◆ TASK REQUIREMENTS: Count the lines containing "their" in the entries underneath, and state that count without anything else.

◆ SUPPLIED DATA:
(* Let $k\ge1$, $\ell\ge2$ an integer, $W^k=\,]-1/2,1/2]^k$, and let $\Lambda\subset\mathbf{R}^k$ be a lattice of covolume $1$ such that $D_c(W^k+\Lambda)\ge1/\ell$. Then for every $v_1,\dots,v_\ell\in\mathbf{R}^k$ there exist $i\neq i'\in\{1,\dots,\ell\}$ such that \[D_c\big((W^k+\Lambda+v_i)\cap(W^k+\Lambda+v_{i'})\big)\ge2\,\frac{\ell D_c(W^k+\Lambda)-1}{\ell(\ell-1)}.\]
   Context: For $E\subset\mathbf{R}^k$, $D_c(E)=\lim_{R\to\infty}\operatorname{Leb}(B_R\cap E)/\operatorname{Leb}(B_R)$, where $B_R=\{x:\|x\|_\infty\le R\}$. *)

theory Defs
  imports "HOL-Analysis.Analysis"
begin

definition supball :: "real \<Rightarrow> (real^'n::finite) set" where
  "supball R = {x. \<forall>i. \<bar>x $ i\<bar> \<le> R}"

definition Dc :: "(real^'n::finite) set \<Rightarrow> real" where
  "Dc E = Lim at_top (\<lambda>R. measure lebesgue (supball R \<inter> E) / measure lebesgue (supball R :: (real^'n) set))"

definition Wcube :: "(real^'n::finite) set" where
  "Wcube = {x. \<forall>i. -1/2 < x $ i \<and> x $ i \<le> 1/2}"

definition int_points :: "(real^'n::finite) set" where
  "int_points = {z. \<forall>i. z $ i \<in> \<int>}"

definition covol1_lattice :: "(real^'n::finite) set \<Rightarrow> bool" where
  "covol1_lattice L \<longleftrightarrow> (\<exists>A :: real^'n::finite^'n. \<bar>det A\<bar> = 1 \<and> L = (\<lambda>z. A *v z) ` int_points)"

definition msum :: "(real^'n::finite) set \<Rightarrow> (real^'n::finite) set \<Rightarrow> (real^'n::finite) set" where
  "msum A B = {a + b | a b. a \<in> A \<and> b \<in> B}"

end

theory Submission
  imports Defs
begin

text \<open>
  A set periodic under the lattice \<open>A \<int>\<^sup>k\<close> has a density, the proportion of a fundamental cell
  it occupies: a large cube is, up to a boundary layer whose width is bounded by the diameter of the
  cell, a disjoint union of lattice translates of the cell. The translates \<open>E\<^sub>i = W\<^sup>k + \<Lambda> + v\<^sub>i\<close>
  and their pairwise intersections are periodic, so their densities exist as limits, and the
  Bonferroni inequality \<open>\<Sum>\<^sub>i \<mu>(E\<^sub>i \<inter> B) - \<Sum>\<^bsub>j<i\<^esub> \<mu>(E\<^sub>i \<inter> E\<^sub>j \<inter> B) \<le> \<mu>(B)\<close> for a
  cube \<open>B\<close> passes to the limit: \<open>\<ell> D\<^sub>c(E) - \<Sum>\<^bsub>j<i\<^esub> D\<^sub>c(E\<^sub>i \<inter> E\<^sub>j) \<le> 1\<close>. One of the
  \<open>\<ell>(\<ell>-1)/2\<close> pairwise densities is therefore at least their average.
\<close>

section \<open>Cubes, densities and a Bonferroni inequality\<close>

definition supcube :: "real^'n::finite \<Rightarrow> real \<Rightarrow> (real^'n) set" where
  "supcube p R = {x. \<forall>i. \<bar>x $ i - p $ i\<bar> \<le> R}"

◆ SOLUTION TO THE PROBLEM: 2